Over the years, several methods of administering biologically-effective materials to animals have been proposed. Many biologically-effective materials are available as water-soluble salts and can be readily included as medicinal agents in pharmaceutical formulations. Problems arise when the desired biologically-effective material is either poorly soluble in aqueous fluids or is rapidly degraded in vivo. Simply by way of example, many of these biologically-effective materials have mercapto-functional groups. These include e.g., antiproliferative and/or immunosuppressive agents such as the mercaptopurines, as well as peptides and proteins with demonstrated or potential utility as medicinal agents. These types of materials often present complex problems of pharmacokinetics and bioavailability based on their poor solubility in blood or tissue fluids, tissue distribution, clearance rate and antigenicity, after administration to an animal in need of such treatment.
For instance, the class of compounds known as nucleoside and nucleotide analogs are potentially useful therapeutically in the treatment of cancers and in immuno-supression, because they interfere with DNA synthesis. This property is useful in treating a broad class of diseases or disorders characterized by excessive or inappropriate cell division. However, the artisan will appreciate that these compounds have a very narrow therapeutic index, requiring careful control of dose, kinetics and tissue concentrations. Thus, there is a need to provide improved nucleoside and nucleotide analogs where more targeted delivery to selected tissues, and/or improved release kinetics is desirable.
For example, 6-mercaptopurine or 6-MP, while otherwise a promising anticancer agent and immunosuppressive, has substantial drawbacks. Absorption of 6-MP is incomplete after oral ingestion and bioavailability is reduced by first-pass metabolism through the liver. It is reported that oral bioavailability of 6-MP is only 5% to 37%, with great variability between patients.
One way to solubilize biologically-effective materials and improve solubility, bioavailability, etc., is to include them as part of a soluble prodrug. Prodrugs include chemical derivatives of a medicinal agent, e.g., a biologically-effective parent compound which, upon administration, eventually liberates the parent compound in vivo. Prodrugs allow the artisan to modify the onset and/or duration of action of an agent, in vivo and can modify the transportation, distribution or solubility of a drug in the body.

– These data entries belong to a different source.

(* Assume (A1)–(A4). For every geometric covering interval $J=[i,j]\in\mathcal{I}$ with $j\le T$, POLA satisfies $$\sum_{u=i}^jf_u(\mathbf{x}_u)-\min_{\mathbf{x}\in\mathcal{K}}\sum_{u=i}^jf_u(\mathbf{x})\le\sqrt{3c(j)}\,|J|^{1/2}+\Big(\sqrt3G+\frac74D^2+\frac12G^2\Big)|J|^{3/4},$$ where $c(j)\le1+\ln j+\ln(1+\log_2j)+\ln\frac{5+3\ln(1+j)}{2}$.
   Context: Online convex optimization: for rounds $t=1,\dots,T$ a learner chooses $\mathbf{x}_t\in\mathcal{K}$, then a loss $f_t:\mathcal{K}\to\mathbb{R}$ is revealed (chosen adversarially), the learner suffers $f_t(\mathbf{x}_t)$ and can access $f_t$. Standing assumptions: (A1) $\mathcal{K}\subseteq\mathbb{R}^d$ is convex and compact, contains $\mathbf{0}$, and $\mathcal{K}\subseteq R\mathcal{B}$ where $R\mathcal{B}$ is the closed Euclidean ball of radius $R$ centered at $\mathbf{0}$; set $D=2R$, so $\|\mathbf{x}-\mathbf{x}'\|_2\le D$ for all $\mathbf{x},\mathbf{x}'\in\mathcal{K}$. (A2) Each $f_t$ is $G$-Lipschitz on $\mathcal{K}$, and its (sub)gradients satisfy $\|\nabla f_t(\mathbf{x})\|_2\le G$. (A3) Each $f_t$ is convex on $\mathcal{K}$: $f_t(\mathbf{y})\ge f_t(\mathbf{x})+\nabla f_t(\mathbf{x})^\top(\mathbf{y}-\mathbf{x})$. (A4) $0\le f_t(\mathbf{x})\le1$ for all $\mathbf{x}\in\mathcal{K}$ and all $t$. Infeasible projection oracle $\mathcal{O}_{\mathrm{IP}}(\mathcal{K},\epsilon,\mathbf{x}_0,\mathbf{y}_0)$: given $\epsilon>0$, $\mathbf{x}_0\in\mathcal{K}$, $\mathbf{y}_0\in\mathbb{R}^d$, returns $(\mathbf{x},\tilde{\mathbf{y}})\in\mathcal{K}\times R\mathcal{B}$ with $\|\mathbf{x}-\tilde{\mathbf{y}}\|_2\le\sqrt{3\epsilon}$ and $\|\tilde{\mathbf{y}}-\mathbf{z}\|_2\le\|\mathbf{y}_0-\mathbf{z}\|_2$ for all $\mathbf{z}\in\mathcal{K}$. Algorithm $\mathrm{BOGD}_{\mathrm{IP}}$ (step size $\eta$, block size $K$, tolerance $\epsilon$): pick $\mathbf{x}_1\in\mathcal{K}$ arbitrary, $\tilde{\mathbf{y}}_1=\mathbf{x}_1$. Rounds are split into blocks; block $m$ consists of rounds $(m-1)K+1,\dots,mK$. At every round $t$ of block $m$ the algorithm plays $\mathbf{x}_t=\mathbf{x}_m$. At the last round of block $m$ it sets $\mathbf{y}_{m+1}=\tilde{\mathbf{y}}_m-\eta\sum_{r=(m-1)K+1}^{mK}\nabla f_r(\mathbf{x}_m)$ and $(\mathbf{x}_{m+1},\tilde{\mathbf{y}}_{m+1})=\mathcal{O}_{\mathrm{IP}}(\mathcal{K},\epsilon,\mathbf{x}_m,\mathbf{y}_{m+1})$. Unless stated otherwise, it is run with $K=\eta^{-2/3}$ and $\epsilon=\eta^{2/3}$ (block sizes assumed integral). Geometric covering (GC) intervals: $\mathcal{I}=\bigcup_{k\ge0}\mathcal{I}_k$, $\mathcal{I}_k=\{[i\cdot2^k,(i+1)\cdot2^k-1]: i\in\{1,2,\dots\}\}$ (intervals of integers). Algorithm POLA: $\Phi(R,C)=\exp([R]_+^2/(3C))$ with $[x]_+=\max(0,x)$ and $\Phi(0,0)=1$; $w(R,C)=\frac12(\Phi(R+1,C+1)-\Phi(R-1,C+1))$. At each round $t$, for every $I\in\mathcal{I}$ whose first round is $t$, create expert $E_I$: an instance of $\mathrm{BOGD}_{\mathrm{IP}}$ started at round $t$ from an arbitrary point with step size $\eta=|I|^{-3/4}$, run on the rounds of $I$ only; set $R_{t-1,I}=C_{t-1,I}=0$. The active set $\mathcal{A}_t$ consists of the experts $E_I$ with $t\in I$. Each $E_I\in\mathcal{A}_t$ outputs $\mathbf{x}_{t,I}\in\mathcal{K}$; set $w_{t,I}=w(R_{t-1,I},C_{t-1,I})/\sum_{E_{I'}\in\mathcal{A}_t}w(R_{t-1,I'},C_{t-1,I'})$ and play $\mathbf{x}_t=\sum_{E_I\in\mathcal{A}_t}w_{t,I}\mathbf{x}_{t,I}$. After $f_t$ is revealed, for each $E_I\in\mathcal{A}_t$ set $R_{t,I}=R_{t-1,I}+f_t(\mathbf{x}_t)-f_t(\mathbf{x}_{t,I})$, $C_{t,I}=C_{t-1,I}+|f_t(\mathbf{x}_t)-f_t(\mathbf{x}_{t,I})|$, and pass $f_t$ to $E_I$. *)

theory Defs
  imports "HOL-Analysis.Analysis"
begin

definition GC :: "nat set set" where
  "GC = {{i * 2^k .. (i + 1) * 2^k - 1} | i k. (i::nat) \<ge> 1}"

text \<open>Potential and weight of POLA. Note Phi 0 0 = exp 0 = 1 since x / 0 = 0.\<close>
definition Phi :: "real \<Rightarrow> real \<Rightarrow> real" where
  "Phi R C = exp ((max 0 R)^2 / (3 * C))"

definition wgt :: "real \<Rightarrow> real \<Rightarrow> real" where
  "wgt R C = (Phi (R + 1) (C + 1) - Phi (R - 1) (C + 1)) / 2"

definition eta :: "nat set \<Rightarrow> real" where
  "eta I = real (card I) powr (-3/4)"

text \<open>State (x_{m+1}, y~_{m+1}) of BOGD_IP for expert E_I at (0-based) block m.
  Oracle Orc may depend on the expert I and the call index; its outputs are
  constrained by the theorem's hypothesis.\<close>
primrec bogd_state ::
  "(nat set \<Rightarrow> nat \<Rightarrow> real \<Rightarrow> 'a \<Rightarrow> 'a \<Rightarrow> 'a \<times> 'a) \<Rightarrow> (nat \<Rightarrow> 'a \<Rightarrow> 'a::real_vector)
   \<Rightarrow> (nat set \<Rightarrow> 'a) \<Rightarrow> (nat set \<Rightarrow> nat) \<Rightarrow> nat set \<Rightarrow> nat \<Rightarrow> 'a \<times> 'a" where
  "bogd_state Orc g x0 bsz I 0 = (x0 I, x0 I)"
| "bogd_state Orc g x0 bsz I (Suc m) =
    (case bogd_state Orc g x0 bsz I m of (x, y) \<Rightarrow>
      Orc I (Suc m) (eta I powr (2/3)) x
        (y - eta I *\<^sub>R (\<Sum>r\<in>{Min I + m * bsz I ..< Min I + Suc m * bsz I}. g r x)))"

definition expert_play ::
  "(nat set \<Rightarrow> nat \<Rightarrow> real \<Rightarrow> 'a \<Rightarrow> 'a \<Rightarrow> 'a \<times> 'a) \<Rightarrow> (nat \<Rightarrow> 'a \<Rightarrow> 'a::real_vector)
   \<Rightarrow> (nat set \<Rightarrow> 'a) \<Rightarrow> (nat set \<Rightarrow> nat) \<Rightarrow> nat set \<Rightarrow> nat \<Rightarrow> 'a" where
  "expert_play Orc g x0 bsz I t = fst (bogd_state Orc g x0 bsz I ((t - Min I) div bsz I))"

definition active :: "nat \<Rightarrow> nat set set" where
  "active t = {I \<in> GC. t \<in> I}"

definition regR :: "(nat \<Rightarrow> 'a \<Rightarrow> real) \<Rightarrow> (nat set \<Rightarrow> nat \<Rightarrow> 'a) \<Rightarrow> (nat \<Rightarrow> 'a) \<Rightarrow> nat set \<Rightarrow> nat \<Rightarrow> real" where
  "regR f ep X I t = (\<Sum>u\<in>{u \<in> I. u \<le> t}. f u (X u) - f u (ep I u))"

Furthermore, prodrug formulations often reduce the toxicity and/or otherwise overcome difficulties encountered when administering pharmaceutical preparations. Typical examples of prodrugs include organic phosphates or esters of alcohols or thioalcohols.
Prodrugs are often biologically inert or substantially inactive forms of the parent or active compound. The rate of release of the active drug, typically by hydrolysis, is influenced by several factors, but especially by the type of bond joining the parent drug to the modifier. Care must be taken to avoid preparing prodrugs which are eliminated through the kidney or reticular endothelial system, etc., before a sufficient amount of hydrolysis of the parent compound occurs.
Previous efforts to improve the utility of certain therapeutically useful mercaptan compounds have been reported. For example, azathioprine (IMURAN) is a prodrug of 6-mercaptopurine containing an imidazole group attached to the sulfur at the 6-position of the purine ring. This substitution serves to decrease the rate of inactivation by enzymatic S-methylation, nonenzymatic oxidation, and/or conversion to thiourate by xanthine oxidase. Azathioprine reacts with sulfhydryl compounds such as glutathione (reported to be by nonenzymatic pathways) which produces a more controlled liberation of mercaptopurine in tissues. Azathioprine is also reported to provide enhanced immunosuppressive activity relative to unmodified 6-MP. In spite of this advance, further improvements have been sought in order to deliver various mercaptan-based therapeutic agents in ways which would be therapeutically superior to that which is currently available. For example, it would be desirable to reduce the number of dosages a patient would require and/or more predictable control of the rate of release of the drug from a carrier.
Incorporating a polymer as part of a prodrug system has been suggested to increase the circulating life of some drugs having an available hydroxyl or amine group. See, for example U.S. Pat. No. 6,180,095, the contents of which are incorporated herein by reference. The '095 patent discloses polymer-based double prodrug systems using a benzyl elimination (BE) system for controllably delivering biologically active materials in vivo.
While a number of polymeric prodrug systems are known to the art, including those prepared by linking a polyethylene glycol (PEG) to a drug or other agent of interest, conjugates that directly exploit the thiol function groups of many potentially useful biologically effective substances are not believed to be mentioned. Protected sulfur-linked polyethylene glycols are also known, although these ultimately form polymer-drug conjugates via covalent disulfide bonds (—S—S— bonds) not via covalent thiol bonds (—SH— bonds). See Woghiren et al., 1993, Bioconjugate Chem. 4: 314–318, who linked a 5 kDa PEG to papain enzyme by disulfide linkers.
Thus, there remains a need for improved polymeric prodrug systems for thiol- or mercaptan containing compounds. The present invention addresses this need.